Understanding definite integrals is vital when calculating the average value of a function over a given interval. Essentially, a definite integral takes a function and computes the net area under the curve between two specific points on the x-axis, denoted as the limits of integration.

In our exercise, the definite integral is used with the lower limit 'a' as 0 and the upper limit 'b' as 1 for the function f(x) = x^2 + 2x. This process involves finding the limit of a sum as the number of rectangles under the curve increases and the width of these rectangles approaches zero. The result of this calculation tells us the accumulated value of our function between the specified limits of 0 and 1.

When you're solving problems involving the average value of a function, you'll often set up a definite integral like this one to start. It's important to note that the definite integral gives you a numerical value, indicating the area or accumulated quantity, which will be key in computing the average.

The Fundamental Theorem of Calculus is a significant principle that bridges the concept of an antiderivative with that of a definite integral. It is composed of two parts, with the first stating that the integral of a function over an interval can be found by evaluating its antiderivative at the endpoints.

In the context of our exercise, when we have the integral of f(x) = x^2 + 2x from 0 to 1, the Fundamental Theorem of Calculus allows us to compute the integral by finding the antiderivative and then subtracting its value at the lower limit from its value at the upper limit. This process turns a potentially complex area calculation into a simple substitution, radically simplifying the computational work necessary.

Understanding this theorem is crucial because it not only simplifies the calculation of definite integrals but also highlights a deep connection between differential and integral calculus, reinforcing how the concepts of differentiation and integration are inverse processes.

Antiderivatives, or indefinite integrals, are the counterpart to derivatives in calculus. An antiderivative of a function is another function that, when differentiated, yields the original function. It represents the collection of all the functions that share the same derivative, differing only by a constant.

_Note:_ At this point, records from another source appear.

lemma zero_biased_mgf_derivative_le:
  fixes Y Ystar :: "'a \<Rightarrow> real"
  assumes "zero_biased M Y Ystar"
    and "Ystar \<in> borel_measurable M" and "AE x in M. \<bar>Ystar x - Y x\<bar> \<le> c"
    and "0 \<le> s" and "0 < K" "K \<le> 1 - s * c / 2"
    and "integrable M (\<lambda>x. exp (s * Y x))" and "integrable M (\<lambda>x. Y x * exp (s * Y x))"
  shows "(\<integral>x. Y x * exp (s * Y x) \<partial>M) \<le> (\<integral>x. (Y x)\<^sup>2 \<partial>M) * (s + c * s\<^sup>2 / 2) / K * mgf M Y s"
proof -
  have "mgf M Ystar s * K \<le> mgf M Ystar s * (1 - s * c / 2)"
    using assms(6) by (intro mult_left_mono) (auto simp: mgf_def)
  also have "\<dots> \<le> mgf M Y s * (1 + s * c / 2)"
    using assms(2,3,4,7) by (rule mgf_le_of_AE_abs_diff_le)
  finally have Ystar_le: "mgf M Ystar s \<le> (1 + s * c / 2) / K * mgf M Y s"
    using assms(5) by (simp add: field_simps)
  have "(\<integral>x. Y x * exp (s * Y x) \<partial>M) = (\<integral>x. (Y x)\<^sup>2 \<partial>M) * s * mgf M Ystar s"
    unfolding mgf_def
    using assms(1,8) integrable_exp_of_AE_abs_diff_le[OF assms(2,3,4,7)] by (rule zero_biased_exp)
  also have "\<dots> \<le> (\<integral>x. (Y x)\<^sup>2 \<partial>M) * s * ((1 + s * c / 2) / K * mgf M Y s)"
    using Ystar_le assms(4) by (intro mult_left_mono) auto
  also have "\<dots> = (\<integral>x. (Y x)\<^sup>2 \<partial>M) * (s + c * s\<^sup>2 / 2) / K * mgf M Y s"
    using assms(5) by (simp add: power2_eq_square field_simps)
  finally show ?thesis .
qed

theorem mainTheorem5:
  fixes M :: "'a measure" and Y Ystar :: "'a \<Rightarrow> real" and c \<theta> :: real
  assumes "prob_space M"
    and "Y \<in> borel_measurable M" and "Ystar \<in> borel_measurable M"
    and "integrable M Y" and "(\<integral>x. Y x \<partial>M) = 0"
    and "integrable M (\<lambda>x. (Y x)\<^sup>2)" and "(\<integral>x. (Y x)\<^sup>2 \<partial>M) > 0"
    and "zero_biased M Y Ystar"
    and "c > 0"
    and "AE x in M. \<bar>Ystar x - Y x\<bar> \<le> c"
    and "\<And>s. 0 \<le> s \<Longrightarrow> s < 2 / c \<Longrightarrow> integrable M (\<lambda>x. exp (s * Y x))"
    and "0 < \<theta>" and "\<theta> < 2 / c"
  shows "(\<integral>x. exp (\<theta> * Y x) \<partial>M)
           \<le> exp (5 * (\<integral>x. (Y x)\<^sup>2 \<partial>M) * \<theta>\<^sup>2 / (6 * (1 - c * \<theta> / 2)))"
proof -
  interpret prob_space M by fact
  define \<sigma>2 K b where "\<sigma>2 = (\<integral>x. (Y x)\<^sup>2 \<partial>M)" and "K = 1 - c * \<theta> / 2" and "b = (\<theta> + 2 / c) / 2"
  define G where "G s = \<sigma>2 * (s\<^sup>2 / 2 + c * s ^ 3 / 6) / K" for s
  have K: "0 < K" and b: "\<theta> < b" "b < 2 / c"
    using assms(9,13) by (auto simp: K_def b_def field_simps)
  have exp_int: "integrable M (\<lambda>x. exp (t * Y x))" if "0 \<le> t" "t \<le> b" for t
    using assms(11) that b by auto
  have "mgf M Y \<theta> \<le> mgf M Y 0 * exp (G \<theta> - G 0)"
  proof (rule DERIV_le_mult_imp_le_exp)
    fix s assume s: "0 < s" "s < \<theta>"
    hence "K \<le> 1 - s * c / 2" using assms(9) by (simp add: K_def mult.commute)
    with s b K show "(\<integral>x. Y x * exp (s * Y x) \<partial>M) \<le> \<sigma>2 * (s + c * s\<^sup>2 / 2) / K * mgf M Y s"
      unfolding \<sigma>2_def
      by (intro zero_biased_mgf_derivative_le[OF assms(8,3,10)] exp_int
          integrable_mult_exp[OF assms(4) exp_int]) auto
  qed (use assms(4,12) b exp_int K mgf_pos in \<open>auto simp: G_def intro!: mgf_continuous_on
    mgf_has_real_derivative derivative_eq_intros continuous_intros\<close>)
  also have "\<dots> \<le> exp (5 * \<sigma>2 * \<theta>\<^sup>2 / (6 * K))"
  proof -
    have "c * \<theta> ^ 3 \<le> 2 * \<theta>\<^sup>2"
      using K assms(12) by (simp add: K_def power2_eq_square power3_eq_cube)
    hence "G \<theta> \<le> 5 * \<sigma>2 * \<theta>\<^sup>2 / (6 * K)"
      unfolding G_def using K assms(7) by (auto simp: \<sigma>2_def field_simps intro!: mult_left_mono)
    thus ?thesis by (simp add: mgf_def G_def prob_space)
  qed
  finally show ?thesis by (simp add: mgf_def \<sigma>2_def K_def)
qed

end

For our function f(x) = x^2 + 2x, the antiderivatives are F(x) = (x^3/3) + x^2 + C, where C represents the constant of integration. During the solution process, this constant doesn't affect the calculation since it cancels out when evaluating a definite integral - a result of the Fundamental Theorem of Calculus.

To find the average value of a function, you first need to identify its antiderivative, apply the limits of integration, and then divide by the length of the interval. This process of integration and averaging involves working backwards from differentiation, illustrating the importance of having a solid grasp on the concept of antiderivatives.